I wonder if we get any better at understanding grief of all types when we have lived as long as Queen Elizabeth.

Does each fresh grief awaken the old ones? Does it become any easier to deal with those little darts to the heart every time a grandchild says something naive and you wish they could be permanently cocooned from losing that candour and innocence?

Do you lose the urge to convey amusing snippets to your dead nearest and dearest or ask their advice? Do you stop what I call advance grieving, where you deal with your sadness about the deceased’s absence from any important event before the occasion, so it frees you to enjoy the moment?

Does the Queen grieve for a life she might have had as a commoner? She may have avoided the grief of losing a job, but does she have sadness about having a job she hasn’t felt able to leave yet?

I am still not used to grief, big and small, even though I assume it first struck me more than 60 years ago when I was 4 and my mother died.
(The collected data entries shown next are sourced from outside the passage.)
(* Let $R$ be a discrete valuation ring with uniformizer $\pi$ and let $\Gamma$ be an abstract group. Assume that every $V\in\mathrm{Rep}_R(\Gamma)$ with $\pi V=0$ admits a weak lift. Then every $E\in\mathrm{Rep}_R(\Gamma)$ admits a weak lift; that is, $\Gamma$ is Tannakian over $R$.
   Context: $\mathrm{Rep}_R(\Gamma)$ is the category of left $R\Gamma$-modules which are finitely generated as $R$-modules; $\mathrm{Rep}^\circ_R(\Gamma)$ is the full subcategory of those which are projective (equivalently free) $R$-modules. A weak lift of $V\in\mathrm{Rep}_R(\Gamma)$ is an object $\widetilde V\in\mathrm{Rep}^\circ_R(\Gamma)$ together with a surjective morphism $\widetilde V\to V$ of $R\Gamma$-modules. $\Gamma$ is called Tannakian over $R$ if every object of $\mathrm{Rep}_R(\Gamma)$ admits a weak lift. *)

theory Defs
  imports "HOL-Algebra.Algebra"
begin

definition dvr_uniformizer :: "'r ring \<Rightarrow> 'r \<Rightarrow> bool" where
  "dvr_uniformizer R p \<longleftrightarrow>
     principal_domain R \<and> p \<in> carrier R \<and> p \<noteq> \<zero>\<^bsub>R\<^esub> \<and>
     maximalideal (PIdl\<^bsub>R\<^esub> p) R \<and>
     (\<forall>I. maximalideal I R \<longrightarrow> I = PIdl\<^bsub>R\<^esub> p)"

definition is_rep :: "'g monoid \<Rightarrow> 'r ring \<Rightarrow> ('r, 'm) module \<Rightarrow> ('g \<Rightarrow> 'm \<Rightarrow> 'm) \<Rightarrow> bool" where
  "is_rep G R M rho \<longleftrightarrow> group G \<and> module R M \<and>
     (\<forall>g\<in>carrier G. \<forall>x\<in>carrier M. rho g x \<in> carrier M) \<and>
     (\<forall>g\<in>carrier G. \<forall>x\<in>carrier M. \<forall>y\<in>carrier M.
         rho g (x \<oplus>\<^bsub>M\<^esub> y) = rho g x \<oplus>\<^bsub>M\<^esub> rho g y) \<and>
     (\<forall>g\<in>carrier G. \<forall>a\<in>carrier R. \<forall>x\<in>carrier M.
         rho g (a \<odot>\<^bsub>M\<^esub> x) = a \<odot>\<^bsub>M\<^esub> rho g x) \<and>
     (\<forall>x\<in>carrier M. rho \<one>\<^bsub>G\<^esub> x = x) \<and>
     (\<forall>g\<in>carrier G. \<forall>h\<in>carrier G. \<forall>x\<in>carrier M.
         rho (g \<otimes>\<^bsub>G\<^esub> h) x = rho g (rho h x))"

definition fin_gen :: "'r ring \<Rightarrow> ('r, 'm) module \<Rightarrow> bool" where
  "fin_gen R M \<longleftrightarrow> (\<exists>S. finite S \<and> S \<subseteq> carrier M \<and>
     (\<forall>x\<in>carrier M. \<exists>c. c \<in> S \<rightarrow> carrier R \<and>
         x = (\<Oplus>\<^bsub>M\<^esub>s\<in>S. c s \<odot>\<^bsub>M\<^esub> s)))"

definition fin_free :: "'r ring \<Rightarrow> ('r, 'm) module \<Rightarrow> bool" where
  "fin_free R M \<longleftrightarrow> (\<exists>B. finite B \<and> B \<subseteq> carrier M \<and>
     (\<forall>x\<in>carrier M. \<exists>!c. c \<in> B \<rightarrow>\<^sub>E carrier R \<and>
         x = (\<Oplus>\<^bsub>M\<^esub>b\<in>B. c b \<odot>\<^bsub>M\<^esub> b)))"

definition in_Rep :: "'g monoid \<Rightarrow> 'r ring \<Rightarrow> ('r, 'm) module \<Rightarrow> ('g \<Rightarrow> 'm \<Rightarrow> 'm) \<Rightarrow> bool" where
  "in_Rep G R M rho \<longleftrightarrow> is_rep G R M rho \<and> fin_gen R M"

definition in_Rep_free :: "'g monoid \<Rightarrow> 'r ring \<Rightarrow> ('r, 'm) module \<Rightarrow> ('g \<Rightarrow> 'm \<Rightarrow> 'm) \<Rightarrow> bool" where
  "in_Rep_free G R M rho \<longleftrightarrow> is_rep G R M rho \<and> fin_gen R M \<and> fin_free R M"

definition rep_hom :: "'g monoid \<Rightarrow> 'r ring \<Rightarrow> ('r, 'm) module \<Rightarrow> ('g \<Rightarrow> 'm \<Rightarrow> 'm)
     \<Rightarrow> ('r, 'n) module \<Rightarrow> ('g \<Rightarrow> 'n \<Rightarrow> 'n) \<Rightarrow> ('m \<Rightarrow> 'n) \<Rightarrow> bool" where
  "rep_hom G R M rho N sigma f \<longleftrightarrow>
     f \<in> carrier M \<rightarrow> carrier N \<and>
     (\<forall>x\<in>carrier M. \<forall>y\<in>carrier M. f (x \<oplus>\<^bsub>M\<^esub> y) = f x \<oplus>\<^bsub>N\<^esub> f y) \<and>
     (\<forall>a\<in>carrier R. \<forall>x\<in>carrier M. f (a \<odot>\<^bsub>M\<^esub> x) = a \<odot>\<^bsub>N\<^esub> f x) \<and>
     (\<forall>g\<in>carrier G. \<forall>x\<in>carrier M. f (rho g x) = sigma g (f x))"

definition is_weak_lift :: "'g monoid \<Rightarrow> 'r ring \<Rightarrow> ('r, 'm) module \<Rightarrow> ('g \<Rightarrow> 'm \<Rightarrow> 'm)
     \<Rightarrow> ('r, 'n) module \<Rightarrow> ('g \<Rightarrow> 'n \<Rightarrow> 'n) \<Rightarrow> ('n \<Rightarrow> 'm) \<Rightarrow> bool" where
  "is_weak_lift G R V rho L lam f \<longleftrightarrow>
     in_Rep_free G R L lam \<and> rep_hom G R L lam V rho f \<and> f ` carrier L = carrier V"

text \<open>A free R-module of finite rank n is isomorphic to
  one whose carrier consists of functions nat => R (supported on {0..<n}), so
  fixing this carrier type for the lift loses no generality.\<close>
definition has_weak_lift :: "'g monoid \<Rightarrow> 'r ring \<Rightarrow> ('r, 'm) module \<Rightarrow> ('g \<Rightarrow> 'm \<Rightarrow> 'm) \<Rightarrow> bool" where
  "has_weak_lift G R V rho \<longleftrightarrow>
     (\<exists>(L :: ('r, nat \<Rightarrow> 'r) module) lam f. is_weak_lift G R V rho L lam f)"

end

theory Submission
  imports Defs
begin

text \<open>Choose n such that p^n kills the p-power torsion of E, which exists as E is finitely
  generated, and induct on n. For n = 0, E is torsion-free, hence free over the discrete valuation
  ring, and is its own weak lift. Otherwise E/pE is killed by p, so it has a weak lift L \<rightarrow> E/pE
  by hypothesis. The fibre product P of L and E over E/pE is finitely generated and surjects onto
  E; since L is free, the torsion of P lies in 0 \<times> pE and is killed by p^(n-1). By induction P
  has a weak lift, and composing it with P \<rightarrow> E gives one of E. As the hypothesis only speaks about representations
  on one fixed carrier type, each representation met on the way is first replaced by an isomorphic
  copy on that type.\<close>

section \<open>Discrete valuation rings\<close>

locale dvr = principal_domain R for R (structure) +
  fixes p
  assumes p_carr: "p \<in> carrier R" and p_nz: "p \<noteq> \<zero>"
    and p_max: "maximalideal (PIdl p) R"
    and p_uniq: "\<And>I. maximalideal I R \<Longrightarrow> I = PIdl p"
begin

lemma p_not_unit: "p \<notin> Units R"
  using p_max ideal_eq_carrier_iff[OF p_carr]
  unfolding maximalideal_def maximalideal_axioms_def by auto

lemma p_pow_closed[simp]: "p [^] (n::nat) \<in> carrier R"
  using p_carr by simp

lemma p_pow_nonzero: "p [^] (n::nat) \<noteq> \<zero>"
proof (induction n)
  case 0 then show ?case by simp
next
  case (Suc n) then show ?case
    using p_nz p_carr integral[of "p [^] n" p] by (auto simp: nat_pow_Suc)
qed

lemma nonunit_eq_mult_p:
  assumes a: "a \<in> carrier R" "a \<notin> Units R"
  shows "\<exists>y\<in>carrier R. a = y \<otimes> p"
proof (cases "a = \<zero>")
  case True then show ?thesis using p_carr by (intro bexI[of _ \<zero>]) auto
next
  case False
  obtain b where b: "b \<in> carrier R" "ring_irreducible b" "b divides a"
    using exists_irreducible_divisor[of a] a False by blast
  have "maximalideal (PIdl b) R" using irreducible_imp_maximalideal b by blast
  hence eq: "PIdl b = PIdl p" using p_uniq by blast
  from b(3) obtain r where r: "r \<in> carrier R" "a = b \<otimes> r" unfolding factor_def by blast
  hence "a \<in> PIdl b" unfolding cgenideal_def using b(1) m_comm by blast
  hence "a \<in> PIdl p" using eq by simp
  thus ?thesis unfolding cgenideal_def by blast
qed

lemma cofactor_ideal_mono:
  assumes c: "c1 \<in> carrier R" "c2 \<in> carrier R"
    and eq: "c1 \<otimes> p [^] n1 = c2 \<otimes> p [^] n2" and le: "n1 \<le> (n2::nat)"
  shows "PIdl c1 \<subseteq> PIdl c2"
proof -
  obtain d where d: "n2 = d + n1" using le le_Suc_ex by (metis add.commute)
  have "p [^] n2 = p [^] d \<otimes> p [^] n1" unfolding d using p_carr by (simp add: nat_pow_mult)
  hence "c1 \<otimes> p [^] n1 = (c2 \<otimes> p [^] d) \<otimes> p [^] n1"
    using c eq p_carr by (simp add: m_assoc)
  hence "c1 = c2 \<otimes> p [^] d"
    using c p_pow_nonzero[of n1] m_rcancel[of "p [^] n1" c1 "c2 \<otimes> p [^] d"] p_carr by simp
  hence "c1 \<in> PIdl c2" unfolding cgenideal_def using c p_carr m_comm by blast
  thus ?thesis using c cgenideal_minimal[of "PIdl c2" c1] cgenideal_ideal[of c2] by blast
qed

text \<open>If a were divisible by every power of p, the cofactors would generate an ascending chain of
  principal ideals, whose stabilisation forces p to be a unit.\<close>
lemma ex_not_divisible_by_p_pow:
  assumes a: "a \<in> carrier R" "a \<noteq> \<zero>"
  shows "\<exists>n::nat. \<not> (\<exists>c\<in>carrier R. a = c \<otimes> p [^] n)"
proof (rule ccontr)
  assume "\<not> ?thesis"
  hence all: "\<And>n::nat. \<exists>c\<in>carrier R. a = c \<otimes> p [^] n" by blast
  define C where "C = {PIdl c | c. c \<in> carrier R \<and> (\<exists>n::nat. a = c \<otimes> p [^] n)}"
  have cne: "C \<noteq> {}" unfolding C_def using all[of 0] by blast
  have chain: "subset.chain {I. ideal I R} C"
    unfolding pred_on.chain_def
  proof (intro conjI ballI)
    show "C \<subseteq> {I. ideal I R}" unfolding C_def using cgenideal_ideal by blast
  next
    fix x y assume "x \<in> C" "y \<in> C"
    then obtain c1 c2 n1 n2 where "x = PIdl c1" "y = PIdl c2" "c1 \<in> carrier R" "c2 \<in> carrier R"
      "a = c1 \<otimes> p [^] (n1::nat)" "a = c2 \<otimes> p [^] (n2::nat)" unfolding C_def by blast
    hence "x \<subseteq> y \<or> y \<subseteq> x"
      using cofactor_ideal_mono[of c1 c2 n1 n2] cofactor_ideal_mono[of c2 c1 n2 n1]
      by (cases "n1 \<le> n2") auto
    thus "(\<subset>)\<^sup>=\<^sup>= x y \<or> (\<subset>)\<^sup>=\<^sup>= y x" by auto
  qed
  have "\<Union>C \<in> C" using ideal_chain_is_trivial[OF cne chain] .
  then obtain cs m where cs: "\<Union>C = PIdl cs" "cs \<in> carrier R" "a = cs \<otimes> p [^] (m::nat)"
    unfolding C_def by blast
  obtain c' where c': "c' \<in> carrier R" "a = c' \<otimes> p [^] Suc m" using all by blast
  have "PIdl c' \<in> C" unfolding C_def using c' by blast
  hence "c' \<in> PIdl cs" using cs(1) cgenideal_self[OF c'(1)] by blast
  then obtain z where z: "z \<in> carrier R" "c' = z \<otimes> cs" unfolding cgenideal_def by blast
  have "\<one> \<otimes> (cs \<otimes> p [^] m) = (z \<otimes> p) \<otimes> (cs \<otimes> p [^] m)"
  proof -
    have e1: "(z \<otimes> p) \<otimes> (cs \<otimes> p [^] m) = (z \<otimes> cs) \<otimes> (p [^] m \<otimes> p)"
      using z cs p_carr by (simp add: m_assoc m_lcomm[of p cs] m_comm[of p "p [^] m"])
    show ?thesis using e1 cs c' z by (simp add: nat_pow_Suc)
  qed
  moreover have "cs \<otimes> p [^] m \<noteq> \<zero>" using cs a by simp
  ultimately have "\<one> = z \<otimes> p"
    using m_rcancel[of "cs \<otimes> p [^] m" "\<one>" "z \<otimes> p"] cs z p_carr by simp
  moreover have "p \<otimes> z = z \<otimes> p" using z p_carr m_comm by simp
  ultimately have "p \<in> Units R" using z p_carr unfolding Units_def by auto
  thus False using p_not_unit by simp
qed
My memory has blacked out the immediate aftermath.

I kid myself about my coping mechanisms now.

I have been dry -eyed about the disappearance of our 2-year-old cat, Joey, this month.

‘‘Make sure you are home by eight,’’ were the last words we can be sure he heard. Silly words from my companion, the crazy cat gentleman.

After smooches all round, Joey bounded down the hall and to freedom. That was it.

I think he is dead. My companion, who initially tried to convince me Joey is off on a grand adventure in the wilds nearby, is not convinced by his own rhetoric. He has emptied and removed the cat feeder from the kitchen.

I thought I was doing OK until, a few days after Joey’s departure, I found I was about to head into civilisation with my top on inside-out. I’d just returned from walking up the paddock to make my glass-shattering calls to the cat (my defence is, they usually worked) while shaking his treats packet.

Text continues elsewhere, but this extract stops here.